Another negative is how bitcoin’s and dogecoin’s price volatility depends partly on what an automotive CEO says on SNL or Twitter. Perhaps a stablecoin like tether would do the trick. After all, tether claims to be 100% backed by reserves. In another unequivocally positive, what-could-possibly-go-wrong development, tether has climbed the proverbial wall of worry, increasing circulation 57% since the New York Attorney General said, “Tether’s claims that its virtual currency was fully backed by US dollars at all times was a lie.” Whatever, Boomer.

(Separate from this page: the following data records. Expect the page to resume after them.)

(* Let $n$ be a positive integer and let $\ell=\ell(n)$ satisfy $\ell=o(n)$. Pick a permutation $\sigma$ uniformly at random from the symmetric group $S_{2^n}$ acting on $\{0,1\}^n$, and let $\pi=\sigma\circ X_1$, where $X_1:\{0,1\}^n\to\{0,1\}^n$ flips the first bit of a string. Let $D_\sigma$ be the distribution on $\{0,1\}^n$ obtained as follows: start with the string $0^n$, then $\ell$ times independently apply either $\sigma$ or $\pi$, each with probability $1/2$, and output the resulting string. Suppose one is given a string $y\in\{0,1\}^n$ which is either drawn from $D_\sigma$ or else drawn uniformly from $\{0,1\}^n$. Then, given $y$ and black-box (quantum) query access to $\sigma$ and $\sigma^{-1}$, no quantum algorithm can determine which of the two cases holds with probability greater than $2/3$ using fewer than $2^{\Omega(\ell)}$ quantum queries to $\sigma$ and $\sigma^{-1}$. Here the success probability is taken over the random choice of $\sigma$, the choice of $y$, and the internal randomness of the algorithm.
   Context: Query access to a permutation $\tau$ of $\{0,1\}^n$ means access to the unitary oracle $\mathcal{O}_\tau:\lvert x\rangle\lvert z\rangle\mapsto \lvert x\rangle\lvert z\oplus\tau(x)\rangle$ for $x,z\in\{0,1\}^n$, which may be applied in superposition; the algorithm has such access to both $\tau=\sigma$ and $\tau=\sigma^{-1}$, and each application of either oracle counts as one query. *)

theory Defs
  imports "HOL-Analysis.Analysis" "HOL-Library.Landau_Symbols" "HOL-Combinatorics.Permutations"
begin
(* Let $\{\vec S_n\}_{n=1}^6$ (indices modulo $6$) be an oriented, augmented right-angled hexagon in $\mathbb H^4$. For $n=1,\dots,6$ let $\tau_n$ be the unique orientation-preserving isometry of $\mathbb H^4$ with $\tau_n(\vec S_n)=\vec S_n$ and $\tau_n(\vec S_{n-1})=\vec S_{n+1}$; set $\iota_n=(\tau_n\cdots\tau_2\tau_1)^{-1}$ (with $\iota_0=\mathrm{id}$) and $\eta_n=\iota_{n-1}\tau_n\iota_{n-1}^{-1}$. Then (1) $\tau_6\tau_5\cdots\tau_1=\mathrm{id}$; (2) $\eta_1\eta_2\cdots\eta_6=\mathrm{id}$; (3) for $n=1,3,5$: $\iota_n(\vec S_n)=\vec S_1$ and $\iota_n(\vec S_{n+1})=\vec S_6$; (4) for $n=2,4,6$: $\iota_n(\vec S_n)=\vec S_6$ and $\iota_n(\vec S_{n+1})=\vec S_1$.
   Context: $\mathbb H^4$ is hyperbolic 4-space (oriented). Lines and planes are complete totally geodesic submanifolds of dimension 1 and 2. A flag is a pair $(L,\Pi)$ of a line $L$ contained in a plane $\Pi$; an oriented flag has both $L$ and $\Pi$ oriented. Two lines are orthogonal if they meet perpendicularly; a line $L'$ and a flag $(L,\Pi)$ are orthogonal if $L'$ meets $L$ and is perpendicular to $\Pi$. An augmented right-angled hexagon in $\mathbb H^4$ is a cyclic six-tuple $\{S_n\}_{n=1}^6$ where either $S_1,S_3,S_5$ are lines and $S_2,S_4,S_6$ flags, or vice versa, such that $S_n$ and $S_{n+1}$ are orthogonal for all $n$; it is oriented if each $S_n$ is oriented. For an oriented flag and an oriented line orthogonal to each other, there is a unique orientation-preserving isometry of $\mathbb H^4$ sending this pair to any other such pair (so each $\tau_n$ exists and is unique). *)

theory Defs
  imports "HOL-Analysis.Analysis" "HOL-Library.Numeral_Type"
begin

text \<open>Hyperboloid model of hyperbolic 4-space inside Minkowski space R^(4,1).
  Coordinate 0 is the time-like one.\<close>

type_synonym vec = "real^5"
type_synonym mat5 = "real^5^5"

definition mink :: "vec \<Rightarrow> vec \<Rightarrow> real" where
  "mink x y = (\<Sum>i\<in>UNIV. (if i = 0 then -1 else 1) * (x $ i) * (y $ i))"

definition H4 :: "vec set" where
  "H4 = {x. mink x x = -1 \<and> x $ 0 > 0}"

definition is_or_isom :: "mat5 \<Rightarrow> bool" where
  "is_or_isom A \<longleftrightarrow> (\<forall>x y. mink (A *v x) (A *v y) = mink x y) \<and>
     (\<forall>x\<in>H4. A *v x \<in> H4) \<and> det A > 0"

definition rows5 :: "vec \<Rightarrow> vec \<Rightarrow> vec \<Rightarrow> vec \<Rightarrow> vec \<Rightarrow> mat5" where
  "rows5 a b c d e = (\<chi> i. if i = 0 then a else if i = 1 then b else if i = 2 then c
                           else if i = 3 then d else e)"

Back to that SNL host for a moment. I’m perplexed that Tesla bought bitcoin in the first place given crypto’s horrific carbon footprint. According to reports, purchasing $1.5bn bitcoin is akin to putting 1.8mn cars on the road for a year. Therefore, Tesla’s purchasing $1.5bn bitcoin put more guzzlers on the road than Tesla has sold in its entire history! Not a great outcome for a company dependent on selling environmental regulatory credits to show profitability. Also noteworthy: Tesla doesn’t seem to sell many cars. Hmm…  

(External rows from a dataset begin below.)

lemma G_p_if_in_sigmaQ:
  assumes "c^2 \<noteq> 1" and "continuous_on UNIV f"
    and "\<And>z. cos (f (z + T)) = cos (f z)" and "lam \<in> sigmaQ c f"
  shows "G_p c f T lam = (Re (of_real (c * gam c) * lam) * T)^2"
  using norm_floquet_if_in_sigmaQ[OF assms] by (simp add: G_p_def power2_eq_square)

theorem lemma3p13:
  fixes c E T :: real and f f' :: "real \<Rightarrow> real"
  assumes "traveling_wave c f f'"
    and "energy c f f' E"
    and "0 < E" and "E < 2"
    and "fundamental_period f T"
  shows "(\<exists>\<alpha>::real. \<alpha> > 0 \<and> complex_of_real \<alpha> \<in> sigmaQ c f) \<and>
         (c \<noteq> 0 \<longrightarrow> (\<forall>\<alpha>::real. \<alpha> > 0 \<and> complex_of_real \<alpha> \<in> sigmaQ c f
                          \<longrightarrow> G_p c f T (complex_of_real \<alpha>) > 0))"
proof -
  obtain f'' where "c^2 \<noteq> 1"
    and df: "\<And>z. (f has_real_derivative f' z) (at z)"
    and df': "\<And>z. (f' has_real_derivative f'' z) (at z)"
    and ode: "\<And>z. (c^2 - 1) * f'' z + sin (f z) = 0"
    using assms(1) unfolding traveling_wave_def by blast
  have cont: "continuous_on UNIV f"
    using df by (intro continuous_at_imp_continuous_on) (blast intro: DERIV_isCont)
  obtain k :: int where "T > 0" and "\<And>z. f (z + T) = f z + 2 * pi * of_int k"
    using assms(5) unfolding fundamental_period_def period_mod_2pi_def by blast
  then have per: "\<And>z. cos (f (z + T)) = cos (f z)"
    by (simp add: cos_add)
  have "G_p c f T (complex_of_real \<alpha>) > 0"
    if "c \<noteq> 0" and "\<alpha> > 0" and "complex_of_real \<alpha> \<in> sigmaQ c f" for \<alpha>
  proof -
    have "gam c \<noteq> 0" using \<open>c^2 \<noteq> 1\<close> by (simp add: gam_def)
    then have "c * gam c * \<alpha> * T \<noteq> 0" using that \<open>T > 0\<close> by simp
    then show ?thesis
      using G_p_if_in_sigmaQ[OF \<open>c^2 \<noteq> 1\<close> cont per that(3)] by simp
  qed
  moreover have "\<exists>\<alpha>>0. complex_of_real \<alpha> \<in> sigmaQ c f"
    using assms(2-4) unfolding energy_def
    by (intro librational_wave_in_sigmaQ[OF \<open>c^2 \<noteq> 1\<close> df df' ode]) auto
  ultimately show ?thesis by blast
qed

end
section \<open>Difference quotients\<close>

lemma has_vector_derivative_imp_tendsto_quotient:
  fixes f :: "real \<Rightarrow> 'a::real_normed_vector"
  assumes "(f has_vector_derivative D) (at x within S)"
  shows "((\<lambda>y. (1 / (y - x)) *\<^sub>R (f y - f x)) \<longlongrightarrow> D) (at x within S)"
proof -
  have "((\<lambda>y. (1 / norm (y - x)) *\<^sub>R (f y - (f x + (y - x) *\<^sub>R D))) \<longlongrightarrow> 0) (at x within S)"
    using assms unfolding has_vector_derivative_def has_derivative_within by blast
  then have "((\<lambda>y. norm ((1 / norm (y - x)) *\<^sub>R (f y - (f x + (y - x) *\<^sub>R D)))) \<longlongrightarrow> 0)
      (at x within S)"
    by (rule tendsto_norm_zero)
  moreover have "norm ((1 / norm (y - x)) *\<^sub>R (f y - (f x + (y - x) *\<^sub>R D)))
      = norm ((1 / (y - x)) *\<^sub>R (f y - f x) - D)" if "y \<noteq> x" for y
  proof -
    have "(1 / (y - x)) *\<^sub>R (f y - f x) - D = (1 / (y - x)) *\<^sub>R (f y - (f x + (y - x) *\<^sub>R D))"
      using that by (simp add: scaleR_diff_right scaleR_add_right)
    then show ?thesis by simp
  qed
  ultimately have "((\<lambda>y. norm ((1 / (y - x)) *\<^sub>R (f y - f x) - D)) \<longlongrightarrow> 0) (at x within S)"
    by (elim Lim_transform_eventually) (auto simp: eventually_at_filter)
  then show ?thesis
    by (simp add: tendsto_norm_zero_iff LIM_zero_iff)
qed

As a fan of classic movies like Ferris Bueller’s Day Off and Trading Places, I’d be remiss not to mention the trading pits closing for good. The antics of the Archegos, GameStop and ARKK feel like they trade in different pits than our value stocks. It’d be nice if it were true and we could physically see and avoid the most speculative pits! Picture it: 20x1 equity total return swaps in a pit over there. WallStreetBets stock pump pit beside it. SPACs over yonder. Would you like to purchase out-of-the-money calls on innovation ETFs? Right this way!

On the bright side, a different exchange is quite literally true for crypto. But for how long? Crypto coins represent ~$1.5tn market cap globally—approximately the same notional size as the US high yield bond market while emitting nearly the same amount of carbon as the Netherlands. Based on Coinbase’s geographic revenue split, the US potentially represents ~75% of this “wealth.” We pride ourselves on not being single outcome investors, so let’s consider a few different scenarios. One outcome is the entire $1.5tn crypto market is good as gold and its evangelists will pump it louder than gold bugs for the foreseeable future. Another outcome is regulation, a stray tweet or a collective realization of climate implications sink the value from $1.5tn to, I don’t know, $0. Unfortunately, even for prudent investors focused on long-term compounding, it doesn’t matter what pit crypto currency trades in. While $1.5tn doesn’t mean as much as it used to, contagion threats are real. The simple questions become: How much crypto wealth directly or indirectly collateralizes transactions in the real world, and who is exposed? Additionally, only some crypto investors must fear losses to cause a problem. Some estimates suggest a 1% move in bitcoin can be caused by flows of a mere $93mn. When the largest component of a $1.5tn asset class can move 1% on an odd lot, disciplined investors should probably start considering systemic risk transmission mechanisms.

Look, I hope all this crypto coin stuff works out. It’s in my nature to worry, which is why I’m a value investor instead of on the short list to host Saturday Night Live. We don’t let these worries distract us from our philosophy and process. In fact, casting wary laser eyes on other trading pits IS part of the process. Importantly, the opportunity set within our value pit remains pretty normal, and as such we’ll keep mining for out-of-favor, cash-producing business with double-digit compounding potential.